Todd Berry, a former coach and current executive director of the American Football Coaches Association, served on the Football Oversight Committee.

“Our coaches have had tremendous concern about the direction of our camps and clinics and the involvement of outside entities. We want our prospective student-athletes, their parents and our coaches to have a great environment to be able to interact and get to know each other in a very transparent fashion,” Berry said. “This camp model was suggested by our board of trustees as a way to mitigate some of the issues that are out there and create an environment that helps both our student-athletes and our universities.”

The legislation will be considered in the 2016-17 cycle and would be effective immediately upon adoption. The Council will cast final votes in April.

The proposals would resolve an issue that has been percolating for some time. Historically, camps and clinics were used primarily to provide skill instruction. Under current NCAA rules, coaches that don’t own and operate a camp are not allowed to have recruiting conversations with the participating prospects. 
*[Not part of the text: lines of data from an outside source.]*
(* Let $G$ be a finite graph, $k$ a positive integer, $c$ a $k$-colouring of $G$, and $u,v\in V(G)$ with $|C_{c,u}|\ge 2$ and $|C_{c,v}|\ge 2$. Let $c_u\in C_{c,u}$ and $c_v\in C_{c,v}$. If $uv\notin E(G)$, then $|C_{c_u,v}|\ge 2$ and $|C_{c_v,u}|\ge 2$.
   Context: A $k$-colouring of $G$ is a map $c:V(G)\to\{1,\dots,k\}$ with $c(x)\neq c(y)$ for every edge $xy$. For a $k$-colouring $c$ and $u\in V(G)$, $C_{c,u}$ denotes the set of $k$-colourings of $G$ that differ from $c$ exactly at the vertex $u$. *)

theory Defs
  imports Main "HOL-Library.FuncSet"
begin

definition fin_graph :: "'a set \<Rightarrow> ('a \<Rightarrow> 'a \<Rightarrow> bool) \<Rightarrow> bool" where
  "fin_graph V E \<longleftrightarrow> finite V \<and> (\<forall>x y. E x y \<longrightarrow> x \<in> V \<and> y \<in> V)
     \<and> (\<forall>x y. E x y \<longrightarrow> E y x) \<and> (\<forall>x. \<not> E x x)"

definition colouring :: "'a set \<Rightarrow> ('a \<Rightarrow> 'a \<Rightarrow> bool) \<Rightarrow> nat \<Rightarrow> ('a \<Rightarrow> nat) \<Rightarrow> bool" where
  "colouring V E k c \<longleftrightarrow> c \<in> V \<rightarrow>\<^sub>E {1..k} \<and> (\<forall>x y. E x y \<longrightarrow> c x \<noteq> c y)"

text \<open>C_{c,u}: the k-colourings differing from c exactly at u.\<close>
definition recol :: "'a set \<Rightarrow> ('a \<Rightarrow> 'a \<Rightarrow> bool) \<Rightarrow> nat \<Rightarrow> ('a \<Rightarrow> nat) \<Rightarrow> 'a \<Rightarrow> ('a \<Rightarrow> nat) set" where
  "recol V E k c u = {c'. colouring V E k c' \<and> c' u \<noteq> c u \<and> (\<forall>x\<in>V. x \<noteq> u \<longrightarrow> c' x = c x)}"

end

theory Submission
  imports Defs
begin

text \<open>A recolouring of c at u is determined by its new colour at u, so
  |C_{c,u}| is one less than the number of colours missing from the neighbourhood
  of u. Recolouring a vertex u that is not adjacent to v leaves the neighbourhood
  of v untouched, hence |C_{c_u,v}| = |C_{c,v}|; this covers u = v as well, since
  a vertex is not its own neighbour.\<close>

definition free_colours :: "('a \<Rightarrow> 'a \<Rightarrow> bool) \<Rightarrow> nat \<Rightarrow> ('a \<Rightarrow> nat) \<Rightarrow> 'a \<Rightarrow> nat set" where
  "free_colours E k c u = {a \<in> {1..k}. \<forall>w. E u w \<longrightarrow> c w \<noteq> a}"

lemma colouring_adjacent_neq: "colouring V E k c \<Longrightarrow> E x y \<Longrightarrow> c x \<noteq> c y"
  by (simp add: colouring_def)

lemma colouring_irrefl: "colouring V E k c \<Longrightarrow> \<not> E x x"
  by (auto simp: colouring_def)

lemma recol_eq_off:
  assumes "colouring V E k c" "d \<in> recol V E k c u" "w \<noteq> u"
  shows "d w = c w"
proof (cases "w \<in> V")
  case False
  then show ?thesis
    using assms(1,2) by (auto simp: recol_def colouring_def PiE_def extensional_def)
qed (use assms in \<open>auto simp: recol_def\<close>)

lemma colour_in_free_colours:
  assumes "colouring V E k c" "u \<in> V"
  shows "c u \<in> free_colours E k c u"
proof -
  have "c u \<in> {1..k}"
    using assms by (auto simp: colouring_def)
  moreover have "\<forall>w. E u w \<longrightarrow> c w \<noteq> c u"
    using colouring_adjacent_neq[OF assms(1)] by metis
  ultimately show ?thesis
    by (simp add: free_colours_def)
qed

lemma recol_eq_image:
  assumes sym: "symp E" and col: "colouring V E k c" and "u \<in> V"
  shows "recol V E k c u = (\<lambda>a. c(u := a)) ` (free_colours E k c u - {c u})"
proof (intro equalityI subsetI)
  fix d assume d: "d \<in> recol V E k c u"
  then have "d = c(u := d u)"
    using recol_eq_off[OF col d] by auto
  moreover have "d u \<in> free_colours E k c u - {c u}"
  proof -
    have "d w \<noteq> d u" if "E u w" for w
      using d colouring_adjacent_neq[of V E k d u w] that by (simp add: recol_def)
    moreover have "d w = c w" if "E u w" for w
      using recol_eq_off[OF col d] colouring_irrefl[OF col] that by metis
    ultimately show ?thesis
      using d \<open>u \<in> V\<close> by (fastforce simp: recol_def colouring_def free_colours_def)
  qed
  ultimately show "d \<in> (\<lambda>a. c(u := a)) ` (free_colours E k c u - {c u})"
    by blast
next
  fix d assume "d \<in> (\<lambda>a. c(u := a)) ` (free_colours E k c u - {c u})"
  then obtain a where a: "a \<in> free_colours E k c u" "a \<noteq> c u" and d: "d = c(u := a)"
    by blast
  have "E x y \<Longrightarrow> d x \<noteq> d y" for x y
    using col a sym colouring_irrefl[OF col, of x]
    by (auto simp: d colouring_def free_colours_def dest: sympD)
  moreover have "d \<in> V \<rightarrow>\<^sub>E {1..k}"
    using col a \<open>u \<in> V\<close> by (auto simp: d colouring_def free_colours_def PiE_def extensional_def)
  ultimately show "d \<in> recol V E k c u"
    using a by (auto simp: d recol_def colouring_def)
qed

lemma card_recol:
  assumes "symp E" "colouring V E k c" "u \<in> V"
  shows "card (recol V E k c u) = card (free_colours E k c u) - 1"
proof -
  have "inj_on (\<lambda>a. c(u := a)) (free_colours E k c u - {c u})"
    by (rule inj_onI) (metis fun_upd_same)
  moreover have "finite (free_colours E k c u)"
    by (simp add: free_colours_def)
  ultimately show ?thesis
    using assms by (simp add: recol_eq_image card_image colour_in_free_colours)
qed

lemma card_recol_after_recol:
  assumes "symp E" "colouring V E k c" "u \<in> V" "v \<in> V" "\<not> E v u"
    and c': "c' \<in> recol V E k c u"
  shows "card (recol V E k c' v) = card (recol V E k c v)"
proof -
  have col': "colouring V E k c'"
    using c' by (simp add: recol_def)
  have "free_colours E k c' v = free_colours E k c v"
    using recol_eq_off[OF assms(2) c'] \<open>\<not> E v u\<close> unfolding free_colours_def by metis
  then show ?thesis
    using assms col' by (simp add: card_recol)
qed

theorem lemma3p3:
  fixes V :: "'a set" and E :: "'a \<Rightarrow> 'a \<Rightarrow> bool" and k :: nat
    and c cu cv :: "'a \<Rightarrow> nat" and u v :: 'a
  assumes "fin_graph V E" and "k > 0" and "colouring V E k c"
    and "u \<in> V" and "v \<in> V"
    and "card (recol V E k c u) \<ge> 2" and "card (recol V E k c v) \<ge> 2"
    and "cu \<in> recol V E k c u" and "cv \<in> recol V E k c v"
    and "\<not> E u v"
  shows "card (recol V E k cu v) \<ge> 2 \<and> card (recol V E k cv u) \<ge> 2"
proof -
  have sym: "symp E"
    using assms(1) by (auto simp: fin_graph_def intro: sympI)
  have "\<not> E v u"
    using assms(10) sym by (blast dest: sympD)
  then have "card (recol V E k cu v) = card (recol V E k c v)"
    using card_recol_after_recol[OF sym assms(3,4,5) _ assms(8)] by blast
  moreover have "card (recol V E k cv u) = card (recol V E k c u)"
    using card_recol_after_recol[OF sym assms(3,5,4,10,9)] .
  ultimately show ?thesis
    using assms(6,7) by simp
qed

end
Over time, camps and clinics increasingly have been used as a recruiting tool. The changes to camps and clinics legislation acknowledges this while emphasizing that the scholastic environment provides the opportunity to ensure compliance with the rules, better monitoring of recruiting activities, and a better experience for the prospective student-athlete.

Another factor that changed the way coaches use camps and clinics was a 2008 rule change prohibiting FBS coaches from evaluating prospective student-athletes during “live,” nonscholastic football activities. Many think the rule was intended to reduce third-party influence in recruiting, but others believe it increased the pressure on coaches to use camps as a place to find future talent. Some coaches broaden their recruiting reach by working at camps held by other schools.

The issue came to a head this spring when an Atlantic Coast Conference proposal to limit coaches to working at only their school’s camps and clinics and requiring those camps and clinics to be conducted on the school's campus or in facilities regularly used for the school’s practice or competition was adopted by the Council, only to be rescinded by the Board of Directors a few weeks later.

The board provided guiding principles to the Football Oversight Committee that led to the proposed changes to the recruiting rules, including making the rules more enforceable, keeping recruiting within the scholastic environment, and providing greater transparency to the prospective student-athlete about the recruiting process.

The camps and clinics proposal is part of a comprehensive review of the recruiting environment requested by the board when it rescinded the original legislation. The Council also recommended legislation changing the recruiting calendar in football. Those pieces also will be considered in the 2016-17 cycle and would be effective immediately upon adoption.